BEGIN Supplied entries
lemma char_op_linear: "char_op k p q (\<lambda>e. 2 * complex_of_int e - 1) i = 2 * complex_of_int i * complex_of_real (drift k p q) + complex_of_real second_moment"
proof -
  have "char_op k p q (\<lambda>e. 2 * complex_of_int e - 1) i = char_op k p q (\<lambda>e. (complex_of_int e)^2 - (complex_of_int (e - 1))^2) i"
    by (simp add: power2_eq_square algebra_simps)
  also have "\<dots> = (\<Sum>l=1..k. complex_of_real (p l) * (complex_of_int (i + int l))^2 + complex_of_real (q l) * (complex_of_int (i - int l))^2) - (complex_of_int i)^2"
    by (rule generator_eq_char_op[symmetric])
  also have "(\<Sum>l=1..k. complex_of_real (p l) * (complex_of_int (i + int l))^2 + complex_of_real (q l) * (complex_of_int (i - int l))^2)
     = (\<Sum>l=1..k. (complex_of_int i)^2 * complex_of_real (p l + q l)
      + 2 * complex_of_int i * (of_nat l * complex_of_real (p l - q l))
      + (of_nat l)^2 * complex_of_real (p l + q l))"
    by (rule sum.cong) (simp_all add: algebra_simps power2_eq_square)
  also have "\<dots> = (complex_of_int i)^2 * (\<Sum>l=1..k. complex_of_real (p l + q l))
      + 2 * complex_of_int i * (\<Sum>l=1..k. of_nat l * complex_of_real (p l - q l))
      + (\<Sum>l=1..k. (of_nat l)^2 * complex_of_real (p l + q l))"
    by (simp only: sum.distrib sum_distrib_left)
  also have "(\<Sum>l=1..k. complex_of_real (p l + q l)) = 1"
    by (rule sum_p_q_complex)
  also have "(\<Sum>l=1..k. of_nat l * complex_of_real (p l - q l)) = complex_of_real (drift k p q)"
    unfolding drift_def by simp
  also have "(\<Sum>l=1..k. (of_nat l)^2 * complex_of_real (p l + q l)) = complex_of_real second_moment"
    by simp
  finally show ?thesis by simp
qed

lemma second_moment_pos: "second_moment > 0"
proof -
  have "(\<Sum>j = 1..k. p j + q j) \<le> second_moment"
  proof (intro sum_mono)
    fix j assume j: "j \<in> {1..k}"
    have "1 \<le> (real j)^2" using j by simp
    moreover have "0 \<le> p j + q j" using pnn qnn j by (simp add: add_nonneg_nonneg)
    ultimately show "p j + q j \<le> (real j)\<^sup>2 * (p j + q j)"
      using mult_right_mono[of 1 "(real j)^2" "p j + q j"] by simp
  qed
  then show ?thesis using sum1 by simp
qed

lemma char_op_delta: "char_op k p q (\<lambda>e. delta_entry (drift k p q) (variance_xi k p q) e) i = -1"
proof (cases "drift k p q = 0")
  case False
  have "char_op k p q (\<lambda>e. delta_entry (drift k p q) (variance_xi k p q) e) i
      = char_op k p q (\<lambda>e. complex_of_real (- 1 / drift k p q) * 1) i"
    unfolding delta_entry_def using False by simp
  also have "\<dots> = complex_of_real (- 1 / drift k p q) * complex_of_real (drift k p q)"
    by (simp only: char_op_cmult char_op_const)
  finally show ?thesis using False by (simp flip: of_real_mult)
next
  case True
  have v: "variance_xi k p q = second_moment" unfolding variance_xi_def using True by simp
  have "char_op k p q (\<lambda>e. delta_entry (drift k p q) (variance_xi k p q) e) i
      = char_op k p q (\<lambda>e. complex_of_real (- 1 / second_moment) * (2 * complex_of_int e - 1) + complex_of_real (- 1 / second_moment) * 1) i"
  proof (intro arg_cong[where f="\<lambda>F. char_op k p q F i"] ext)
    fix e
    have "- 2 * real_of_int e / second_moment = 2 * real_of_int e * (- 1 / second_moment)" by simp
    then have "complex_of_real (- 2 * real_of_int e / second_moment) = 2 * complex_of_int e * complex_of_real (- 1 / second_moment)"
      by simp
    moreover have "delta_entry (drift k p q) (variance_xi k p q) e = complex_of_real (- 2 * real_of_int e / second_moment)"
      unfolding delta_entry_def v using True by simp
    moreover have "\<And>a x::complex. 2 * x * a = a * (2 * x - 1) + a * 1" by (simp add: algebra_simps)
    ultimately show "delta_entry (drift k p q) (variance_xi k p q) e = complex_of_real (- 1 / second_moment) * (2 * complex_of_int e - 1) + complex_of_real (- 1 / second_moment) * 1"
      by metis
  qed
  also have "\<dots> = complex_of_real (- 1 / second_moment) * complex_of_real second_moment"
    by (simp only: char_op_add char_op_cmult char_op_const char_op_linear True) simp
  also have "\<dots> = complex_of_real ((- 1 / second_moment) * second_moment)" by (rule of_real_mult[symmetric])
  also have "(- 1 / second_moment) * second_moment = -1" using second_moment_pos by simp
  finally show ?thesis by simp
qed

definition Z_column :: "complex \<Rightarrow> nat \<Rightarrow> int \<Rightarrow> complex" where
  "Z_column z l e = complex_of_int e ^ (l - 1) * z powi e"

lemma char_op_Z_column:
  assumes z: "z \<noteq> 0" and l: "1 \<le> l" "l \<le> order z (chi k p q)"
  shows "char_op k p q (Z_column z l) i = 0"
proof -
  define s0 where "s0 = i + 1 - int k"
  have deg: "degree (chi k p q) < 2 * k" using degree_chi kp_facts(1,2) by simp
  have "char_op k p q (Z_column z l) i = (\<Sum>j<2*k. z powi s0 * (coeff (chi k p q) j * (of_nat j + of_int s0) ^ (l - 1) * z ^ j))"
    unfolding char_op_def Z_column_def
  proof (intro sum.cong refl)
    fix j
    have e: "i + 1 + int j - int k = s0 + int j" unfolding s0_def by simp
    have "z powi (s0 + int j) = z powi s0 * z ^ j" using z by (simp add: power_int_add)
    then show "complex_of_real (c j) * (complex_of_int (i + 1 + int j - int k) ^ (l - 1) * z powi (i + 1 + int j - int k)) =
         z powi s0 * (coeff (chi k p q) j * (of_nat j + of_int s0) ^ (l - 1) * z ^ j)"
      unfolding e coeff_chi by (simp add: algebra_simps)
  qed
  also have "\<dots> = z powi s0 * poly_moment (2*k) (chi k p q) z (of_int s0) (l - 1)"
    unfolding poly_moment_def by (simp add: sum_distrib_left)
  also have "poly_moment (2*k) (chi k p q) z (of_int s0) (l - 1) = 0"
proof -
    have "\<forall>a<order z (chi k p q). poly_moment (2*k) (chi k p q) z 0 a = 0"
      using poly_moment_eq_0_if_less_order[OF chi_nonzero deg] by blast
    then show ?thesis using poly_moment_shift[of "order z (chi k p q)" "2*k" "chi k p q" z 0 "l-1" "of_int s0"] l by simp
  qed
  finally show ?thesis by simp
qed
END Supplied entries
Your objective
From the records above, copy each line where the word "True" can be found.

Answer box
  case True
  have v: "variance_xi k p q = second_moment" unfolding variance_xi_def using True by simp
      unfolding delta_entry_def v using True by simp
    by (simp only: char_op_add char_op_cmult char_op_const char_op_linear True) simp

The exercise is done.